Вчера доктор решил, что у меня опять инфаркт [185]. На этот раз я готов этому поверить: сердце у меня будто увеличилось, как ниляжешь сегодня ночью — мешает. Вообще чувствую себя больным. Вряд ли мне теперь удастся выполнять условие, что я взял на себя. Заболел я сильнее, чем в первый раз. Боль прошла. Но вчера часов в пять, когда собиралась меня Катя кормить обедом, вдруг пульс участился до такой степени, когда невозможно его сосчитать. И потерял какой бы то ни было ритм. И так дело продолжалось всю ночь. Дембо пришел вечером, утром, днем. Стали вспрыскивать камфору. Не могу сказать, что я чувствовал себя плохо. Сознание оставалось ясным, только обливался я холодным потом. Ночью я спал и не спал. Кровать казалась мне разделенной на два участка. Один — где я лежал на спине, и второй — где я со всякими ухищрениями поворачивался на правый бок. Сердце билось не только часто — какой бы то ни было ритм был нарушен. Продолжалось это до 11 часов сегодняшнего дня. Чтобы не нарушать условие окончательно, буду писать, сколько в силах. Чтобы сохранить непрерывность записей. Тем и кончаю.
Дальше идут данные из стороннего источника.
lemma norm_bergman_kernel_sq:
  assumes "z \<in> upper_half_plane" "w \<in> upper_half_plane"
  shows "(cmod (bergman_kernel \<alpha> z w))^2 = ((cmod (w - cnj z))^2) powr (-(\<alpha> + 2))"
proof -
  have "w - cnj z \<noteq> 0" using Im_diff_cnj_pos[OF assms] by auto
  then have "cmod (bergman_kernel \<alpha> z w) = cmod (w - cnj z) powr (-(\<alpha> + 2))"
    unfolding bergman_kernel_def by (subst norm_powr_real_powr') auto
  then show ?thesis by (simp add: power2_eq_square powr_mult)
qed

lemma holomorphic_on_bergman_kernel:
  assumes "z \<in> upper_half_plane"
  shows "bergman_kernel \<alpha> z holomorphic_on upper_half_plane"
  unfolding bergman_kernel_def
proof (intro holomorphic_on_powr holomorphic_intros)
  fix w assume "w \<in> upper_half_plane"
  then have "Im (w - cnj z) > 0" by (rule Im_diff_cnj_pos[OF assms])
  then show "w - cnj z \<notin> \<real>\<^sub>\<le>\<^sub>0" by (auto simp: complex_nonpos_Reals_iff)
qed

lemma holomorphic_on_blaschke_kernel:
  assumes "z \<in> upper_half_plane"
  shows "blaschke_kernel \<alpha> z n holomorphic_on upper_half_plane"
proof -
  have "w - cnj z \<noteq> 0" if "w \<in> upper_half_plane" for w
    using Im_diff_cnj_pos[OF assms that] by auto
  then have "blaschke_factor z holomorphic_on upper_half_plane"
    unfolding blaschke_factor_def by (intro holomorphic_intros) auto
  then show ?thesis
    unfolding blaschke_kernel_def [abs_def]
    by (intro holomorphic_intros holomorphic_on_bergman_kernel assms)
qed

lemma borel_measurable_bergman_integrand:
  assumes "continuous_on upper_half_plane F"
  shows "(\<lambda>w. ennreal ((cmod (F w))^2 * Im w powr \<alpha>) * indicator upper_half_plane w) \<in> borel_measurable borel"
proof -
  have "continuous_on upper_half_plane (\<lambda>w. (cmod (F w))^2 * Im w powr \<alpha>)"
    using assms by (intro continuous_intros) (auto simp: upper_half_plane_def)
  then have "(\<lambda>w. indicator upper_half_plane w *\<^sub>R ((cmod (F w))^2 * Im w powr \<alpha>)) \<in> borel_measurable borel"
    by (intro borel_measurable_continuous_on_indicator) measurable
  then show ?thesis
    by (rule measurable_compose[OF _ measurable_ennreal, THEN measurable_cong [THEN iffD1, rotated]])
      (auto simp: indicator_def)
qed

lemma powr_ratio_identity:
  fixes s b Q \<alpha> :: real
  assumes "s > 0" "b > 0" "Q > 0"
  shows "(4 * s * b / Q) powr (-\<alpha>) * (Q powr (-(\<alpha> + 2)) * s powr \<alpha>) = 1 / ((4 * b) powr \<alpha> * Q^2)"
proof -
  have "(4 * s * b / Q) powr (-\<alpha>) = Q powr \<alpha> / ((4 * b) powr \<alpha> * s powr \<alpha>)"
    using assms by (simp add: powr_minus_divide powr_divide powr_mult mult_ac)
  then have "(4 * s * b / Q) powr (-\<alpha>) * (Q powr (-(\<alpha> + 2)) * s powr \<alpha>)
      = Q powr \<alpha> * Q powr (-(\<alpha> + 2)) / (4 * b) powr \<alpha>"
    using assms by (simp add: field_simps)
  also have "Q powr \<alpha> * Q powr (-(\<alpha> + 2)) = 1 / Q^2"
    using assms by (simp add: powr_add [symmetric] powr_minus_divide flip: powr_numeral)
  finally show ?thesis by simp
qed

lemma suminf_negbinom_blaschke_kernel:
  assumes \<alpha>: "\<alpha> > 0" and z: "z \<in> upper_half_plane" and w: "w \<in> upper_half_plane"
  shows "(\<Sum>n. ennreal (negbinom_coeff \<alpha> n) * ennreal ((cmod (blaschke_kernel \<alpha> z n w))^2 * Im w powr \<alpha>))
    = ennreal (1 / ((4 * Im z) powr \<alpha> * (cmod (w - cnj z))^4))"
proof -
  define t where "t = (cmod (blaschke_factor z w))^2"
  define Q where "Q = (cmod (w - cnj z))^2"
  define K where "K = Q powr (-(\<alpha> + 2)) * Im w powr \<alpha>"
  have Q: "Q > 0" using Im_diff_cnj_pos[OF z w] by (auto simp: Q_def)
  have t: "0 \<le> t" "t < 1"
    using norm_blaschke_factor_less_1[OF z w] by (auto simp: t_def abs_square_less_1)
  have "(cmod (blaschke_kernel \<alpha> z n w))^2 = t^n * Q powr (-(\<alpha> + 2))" for n
    by (simp add: blaschke_kernel_def norm_mult norm_power power_mult_distrib t_def Q_def
        norm_bergman_kernel_sq[OF z w] mult.commute [of n] flip: power_mult)
  then have "ennreal (negbinom_coeff \<alpha> n) * ennreal ((cmod (blaschke_kernel \<alpha> z n w))^2 * Im w powr \<alpha>)
      = ennreal K * ennreal (negbinom_coeff \<alpha> n * t^n)" for n
    using negbinom_coeff_pos[OF \<alpha>, of n] t by (simp add: K_def ennreal_mult mult_ac)
  then have "(\<Sum>n. ennreal (negbinom_coeff \<alpha> n) * ennreal ((cmod (blaschke_kernel \<alpha> z n w))^2 * Im w powr \<alpha>))
      = ennreal K * ennreal ((1 - t) powr (-\<alpha>))"
    using suminf_ennreal_negbinom_coeff[OF \<alpha> t] by simp
  also have "1 - t = 4 * Im w * Im z / Q"
    using norm_blaschke_factor_sq[OF z w] by (simp add: t_def Q_def)
  also have "ennreal K * ennreal ((4 * Im w * Im z / Q) powr (-\<alpha>)) = ennreal (1 / ((4 * Im z) powr \<alpha> * Q^2))"
    using z w Q powr_ratio_identity[of "Im w" "Im z" Q \<alpha>]
    by (simp add: K_def upper_half_plane_def mult_ac flip: ennreal_mult)
  finally show ?thesis by (simp add: Q_def flip: power_mult)
qed
lemma continuous_on_deriv_over_radius:
  assumes d2: "\<And>r. r \<ge> 0 \<Longrightarrow> (\<psi>' has_real_derivative \<psi>'' r) (at r within {0..})"
    and zero: "\<psi>' 0 = 0"
  shows "continuous_on {0..} (deriv_over_radius \<psi>' \<psi>'')"
  unfolding continuous_on_eq_continuous_within
proof
  fix x :: real assume "x \<in> {0..}"
  then consider "x = 0" | "x > 0" by fastforce
  then show "continuous (at x within {0..}) (deriv_over_radius \<psi>' \<psi>'')"
  proof cases
    case 1
    have "((\<lambda>y. \<psi>' y / y) \<longlongrightarrow> \<psi>'' 0) (at 0 within {0..})"
      using d2[of 0] zero by (simp add: has_field_derivative_iff)
    moreover have "\<forall>\<^sub>F y in at 0 within {0..}. \<psi>' y / y = deriv_over_radius \<psi>' \<psi>'' y"
      by (simp add: eventually_at_filter deriv_over_radius_def)
    ultimately have "(deriv_over_radius \<psi>' \<psi>'' \<longlongrightarrow> \<psi>'' 0) (at 0 within {0..})"
      using tendsto_cong[of "\<lambda>y. \<psi>' y / y" "deriv_over_radius \<psi>' \<psi>''"] by blast
    then show ?thesis
      using 1 unfolding continuous_within by (simp add: deriv_over_radius_def[of \<psi>' \<psi>'' 0])
  next
    case 2
    have "continuous (at x within {0..}) \<psi>'"
      using d2[of x] 2 by (simp add: DERIV_continuous)
    then have "continuous (at x within {0..}) (\<lambda>y. \<psi>' y / y)"
      using 2 by (intro continuous_intros) auto
    then show ?thesis
      by (rule continuous_transform_within[where \<delta> = x])
         (use 2 in \<open>auto simp: deriv_over_radius_def dist_real_def\<close>)
  qed
qed

lemma has_real_derivative_integral_deriv_over_radius:
  assumes d2: "\<And>r. r \<ge> 0 \<Longrightarrow> (\<psi>' has_real_derivative \<psi>'' r) (at r within {0..})"
    and zero: "\<psi>' 0 = 0"
    and r: "r \<in> {0..b}"
  shows "((\<lambda>r. integral {0..r} (deriv_over_radius \<psi>' \<psi>'')) has_real_derivative
          deriv_over_radius \<psi>' \<psi>'' r) (at r within {0..b})"
  using continuous_on_deriv_over_radius[OF d2 zero] r
  by (intro integral_has_real_derivative) (auto elim: continuous_on_subset)

lemma has_real_derivative_radial_profile:
  assumes d2: "\<And>r. r \<ge> 0 \<Longrightarrow> (\<psi>' has_real_derivative \<psi>'' r) (at r within {0..})"
    and zero: "\<psi>' 0 = 0"
    and r: "r \<in> {0..b}"
  shows "(radial_profile \<psi>' \<psi>'' has_real_derivative
          integral {0..r} (deriv_over_radius \<psi>' \<psi>'') + \<psi>' r) (at r within {0..b})"
  using DERIV_mult'[OF DERIV_ident has_real_derivative_integral_deriv_over_radius[OF d2 zero r]]
  unfolding radial_profile_def[abs_def] mult_deriv_over_radius[where \<psi>' = \<psi>', OF zero]
  by (simp add: add.commute)

lemma has_real_derivative_radial_profile_deriv:
  assumes d2: "\<And>r. r \<ge> 0 \<Longrightarrow> (\<psi>' has_real_derivative \<psi>'' r) (at r within {0..})"
    and zero: "\<psi>' 0 = 0"
    and r: "r \<in> {0..b}"
  shows "((\<lambda>r. integral {0..r} (deriv_over_radius \<psi>' \<psi>'') + \<psi>' r) has_real_derivative
          deriv_over_radius \<psi>' \<psi>'' r + \<psi>'' r) (at r within {0..b})"
proof (rule DERIV_add)
  show "((\<lambda>r. integral {0..r} (deriv_over_radius \<psi>' \<psi>'')) has_real_derivative
          deriv_over_radius \<psi>' \<psi>'' r) (at r within {0..b})"
    by (rule has_real_derivative_integral_deriv_over_radius[OF d2 zero r])
  show "(\<psi>' has_real_derivative \<psi>'' r) (at r within {0..b})"
    using d2[of r] r by (auto elim: DERIV_subset)
qed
Все эти дни читал я «Дневник писателя». О трех идеях, что приготовились к смертельной схватке: романская, германская и славянская. Читал свирепые, задыхающиеся проповеди, словно в дыму и ладане. Перечитал «Бобок». То гениально, то деспотично. И вдруг утром прочел у Чехова рассказ «Свадьба» — не тот, что с генералом, а просто бессюжетное описание свадьбы. Где прелестно описано, как бесшумно, как тень, опускается невеста на колени, чтобы отец благословил ее иконой. В рассказе много смешного. «Спиро!» — «Цичас». Два голоса в горле у кучера кареты. Тоненький — «тпру» и басовый — «балуй». Но вот легкая перемена тональности — и с каким уважением показана невеста. И сколько воздуха, как легко дышится. Нет ладана. Но и нет желания карать. Бесспорно, нет ни у кучера, ни у музыкантов в проходной никаких трех идей. Как и не было. То, чем они обернулись, — господь с ними.
То, как обернутся идеи XIX века, став в ХХ — м действием, снилось Достоевскому. Иногда пророчески. Иногда со всей нелепостью сна. И пророчества, сбываясь, как это любит жизнь, оборачивались так, что ни в каком сне не приснится. Объединение славян сбылось. Но не так. Сбылись кое — какие злые пророчества. Но вот чего не ждал ни один пророк и не пророк, предскажи — засмеяли бы, — это великое значение Достоевского именно в Германии. В России собрания его сочинений у букинистов стоят дорого. Так называемое юбилейное — свыше тысячи. Его читают, но массовыми тиражами издают с осторожностью. Словно боятся. В Германии же — кто только на него не ссылался, от Ницше до Фрейда. И сам Эйнштейн говорил об интеллектуальном наслаждении, которое испытывает он при чтении Достоевского. Вот тебе и непримиримая борьба трех великих идей. Значит, не в этих идеях Бог. И черты всечеловечества обнаружились шире, чем ждал Достоевский. Зачем же было так страшно греметь ключами возле камеры, где и топор, и плаха? Впрочем, довольно. Достоевского я люблю. Но прочел Чехова, и мне почудилось, что я воскресаю…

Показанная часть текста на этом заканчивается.